(* Let $H$ be a self-adjoint operator on a finite-dimensional Hilbert space $\mathcal{H}$ which is not the zero operator, and let $T:\mathcal{H}\rightarrow\mathcal{H}$ be an antiunitary bijection. Suppose there exists an eigenvector $\psi$ of $H$ such that (1) $T\psi \neq e^{i\theta}\psi$ for every complex unit $e^{i\theta}$, and (2) every eigenvector of $H$ orthogonal to $\psi$ has an eigenvalue different from that of $\psi$. Then $[T,H]\neq 0$, i.e. $TH\neq HT$.
   Context: An antiunitary operator $T$ is an antilinear bijection ($T(a\psi+b\phi)=a^*T\psi+b^*T\phi$) satisfying $\langle T\psi, T\phi\rangle = \langle \psi,\phi\rangle^*$ for all $\psi,\phi$. *)

theory Defs
  imports "HOL-Analysis.Analysis"
begin

text \<open>A finite-dimensional complex Hilbert space is modelled (up to unitary
isomorphism) as \<open>complex ^ 'n\<close> for a finite index type \<open>'n\<close>, with the standard
inner product, conjugate-linear in the first argument.\<close>

definition cinner :: "complex ^ 'n \<Rightarrow> complex ^ 'n \<Rightarrow> complex" where
  "cinner x y = (\<Sum>i\<in>UNIV. cnj (x $ i) * y $ i)"

definition clinear_op :: "(complex ^ 'n \<Rightarrow> complex ^ 'n) \<Rightarrow> bool" where
  "clinear_op A \<longleftrightarrow> (\<forall>a b x y. A (a *s x + b *s y) = a *s A x + b *s A y)"

definition self_adjoint :: "(complex ^ 'n \<Rightarrow> complex ^ 'n) \<Rightarrow> bool" where
  "self_adjoint H \<longleftrightarrow> clinear_op H \<and> (\<forall>x y. cinner (H x) y = cinner x (H y))"

definition antiunitary :: "(complex ^ 'n \<Rightarrow> complex ^ 'n) \<Rightarrow> bool" where
  "antiunitary T \<longleftrightarrow> bij T
     \<and> (\<forall>a b x y. T (a *s x + b *s y) = cnj a *s T x + cnj b *s T y)
     \<and> (\<forall>x y. cinner (T x) (T y) = cnj (cinner x y))"

definition is_eigenvector :: "(complex ^ 'n \<Rightarrow> complex ^ 'n) \<Rightarrow> complex ^ 'n \<Rightarrow> complex \<Rightarrow> bool" where
  "is_eigenvector H v l \<longleftrightarrow> v \<noteq> 0 \<and> H v = l *s v"

end

theory Submission
  imports Defs
begin

text \<open>If \<open>T\<close> commuted with \<open>H\<close>, it would map the eigenspace of the real eigenvalue \<open>l\<close>
of \<open>\<psi>\<close> into itself. Hypothesis (2) makes that eigenspace the line through \<open>\<psi>\<close>, so
\<open>T \<psi> = c \<psi>\<close>, and norm preservation forces \<open>|c| = 1\<close>, contradicting (1).\<close>

lemma cinner_scale_right: "cinner x (a *s y) = a * cinner x y"
  by (simp add: cinner_def sum_distrib_left algebra_simps)

lemma cinner_scale_left: "cinner (a *s x) y = cnj a * cinner x y"
  by (simp add: cinner_def sum_distrib_left algebra_simps)

lemma cinner_diff_right: "cinner x (y - z) = cinner x y - cinner x z"
  by (simp add: cinner_def sum_subtractf algebra_simps)

lemma cinner_self_eq_norms: "cinner x x = of_real (\<Sum>i\<in>UNIV. (cmod (x $ i))\<^sup>2)"
  unfolding cinner_def of_real_sum
  by (rule sum.cong) (simp_all, metis complex_norm_square mult.commute of_real_power)

lemma cnj_cinner_self: "cnj (cinner x x) = cinner x x"
  by (simp add: cinner_self_eq_norms)

lemma cinner_self_eq_0_iff: "cinner x x = 0 \<longleftrightarrow> x = 0"
proof
  assume "cinner x x = 0"
  then have "(\<Sum>i\<in>UNIV. (cmod (x $ i))\<^sup>2) = 0"
    by (metis cinner_self_eq_norms of_real_eq_0_iff)
  then show "x = 0"
    by (subst (asm) sum_nonneg_eq_0_iff) (auto simp: vec_eq_iff)
qed (simp add: cinner_def)

lemma clinear_op_diff:
  assumes "clinear_op H"
  shows "H (x - a *s y) = H x - a *s H y"
proof -
  have "H (1 *s x + (- a) *s y) = 1 *s H x + (- a) *s H y"
    using assms unfolding clinear_op_def by blast
  then show ?thesis
    by (simp add: vector_smult_lneg)
qed

lemma antiunitary_scale: "antiunitary T \<Longrightarrow> T (a *s x) = cnj a *s T x"
  unfolding antiunitary_def by (metis add.right_neutral complex_cnj_zero vector_smult_lzero)

lemma self_adjoint_eigenvalue_real:
  assumes "self_adjoint H" and "is_eigenvector H v l"
  shows "cnj l = l"
proof -
  have v: "v \<noteq> 0" "H v = l *s v"
    using assms(2) unfolding is_eigenvector_def by auto
  have "cinner (H v) v = cinner v (H v)"
    using assms(1) unfolding self_adjoint_def by blast
  then have "cnj l * cinner v v = l * cinner v v"
    by (simp add: v cinner_scale_left cinner_scale_right)
  with v(1) show ?thesis
    by (simp add: cinner_self_eq_0_iff)
qed

lemma commuting_antiunitary_maps_eigenvector:
  assumes "antiunitary T" and "T \<circ> H = H \<circ> T" and "H v = l *s v" and "cnj l = l"
  shows "H (T v) = l *s T v"
proof -
  have "H (T v) = T (H v)"
    using assms(2) by (metis comp_apply)
  also have "\<dots> = l *s T v"
    using assms by (metis antiunitary_scale)
  finally show ?thesis .
qed

text \<open>Subtracting from \<open>w\<close> its projection onto \<open>\<psi>\<close> leaves an eigenvector of the same
eigenvalue orthogonal to \<open>\<psi>\<close>, which must therefore vanish.\<close>

lemma simple_eigenspace_is_line:
  assumes "clinear_op H" and "\<psi> \<noteq> 0" and "H \<psi> = l *s \<psi>" and "H w = l *s w"
    and simple: "\<forall>\<phi> \<mu>. is_eigenvector H \<phi> \<mu> \<and> cinner \<psi> \<phi> = 0 \<longrightarrow> \<mu> \<noteq> l"
  shows "w = (cinner \<psi> w / cinner \<psi> \<psi>) *s \<psi>"
proof -
  define c where "c = cinner \<psi> w / cinner \<psi> \<psi>"
  define \<phi> where "\<phi> = w - c *s \<psi>"
  have "cinner \<psi> \<phi> = 0"
    using assms(2) by (simp add: \<phi>_def c_def cinner_diff_right cinner_scale_right
        cinner_self_eq_0_iff)
  moreover have "H \<phi> = l *s \<phi>"
    by (simp add: \<phi>_def clinear_op_diff[OF assms(1)] assms(3,4) vector_smult_assoc
        vector_ssub_ldistrib mult.commute)
  ultimately have "\<phi> = 0"
    using simple unfolding is_eigenvector_def by blast
  then show ?thesis
    by (simp add: \<phi>_def c_def)
qed

lemma antiunitary_eigenvalue_unimodular:
  assumes "antiunitary T" and "v \<noteq> 0" and "T v = c *s v"
  shows "cmod c = 1"
proof -
  have "cinner (T v) (T v) = cnj (cinner v v)"
    using assms(1) unfolding antiunitary_def by blast
  then have "(c * cnj c) * cinner v v = cinner v v"
    by (simp add: assms(3) cnj_cinner_self cinner_scale_left cinner_scale_right mult.commute)
  with assms(2) have "c * cnj c = 1"
    by (simp add: cinner_self_eq_0_iff)
  then have "(cmod c)\<^sup>2 = 1"
    by (metis complex_norm_square of_real_eq_1_iff)
  then show ?thesis
    using norm_ge_zero[of c] by (auto simp: power2_eq_1_iff)
qed

lemma unimodular_eq_exp_Arg: "cmod c = 1 \<Longrightarrow> c = exp (\<i> * complex_of_real (Arg c))"
  by (metis cis_conv_exp rcis_cmod_Arg rcis_def mult_1 of_real_1)

theorem proposition2:
  fixes H T :: "complex ^ 'n \<Rightarrow> complex ^ 'n" and \<psi> :: "complex ^ 'n" and l :: complex
  assumes "self_adjoint H"
    and "H \<noteq> (\<lambda>x. 0)"
    and "antiunitary T"
    and "is_eigenvector H \<psi> l"
    and "\<forall>\<theta>::real. T \<psi> \<noteq> exp (\<i> * complex_of_real \<theta>) *s \<psi>"
    and "\<forall>\<phi> \<mu>. is_eigenvector H \<phi> \<mu> \<and> cinner \<psi> \<phi> = 0 \<longrightarrow> \<mu> \<noteq> l"
  shows "T \<circ> H \<noteq> H \<circ> T"
proof
  assume commute: "T \<circ> H = H \<circ> T"
  have \<psi>: "\<psi> \<noteq> 0" "H \<psi> = l *s \<psi>"
    using assms(4) unfolding is_eigenvector_def by auto
  have "H (T \<psi>) = l *s T \<psi>"
    using commuting_antiunitary_maps_eigenvector[OF assms(3) commute \<psi>(2)]
      self_adjoint_eigenvalue_real[OF assms(1,4)] by blast
  then obtain c where Tc: "T \<psi> = c *s \<psi>"
    using simple_eigenspace_is_line \<psi> assms(1,6) unfolding self_adjoint_def by blast
  then have "cmod c = 1"
    using antiunitary_eigenvalue_unimodular[OF assms(3) \<psi>(1)] by blast
  then show False
    using assms(5) Tc unimodular_eq_exp_Arg by metis
qed

end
*-*-*
## The task
Tally up the lines in the preceding listing that contain the string "assumes". Respond with the number and nothing else.

## Solution to the exercise
6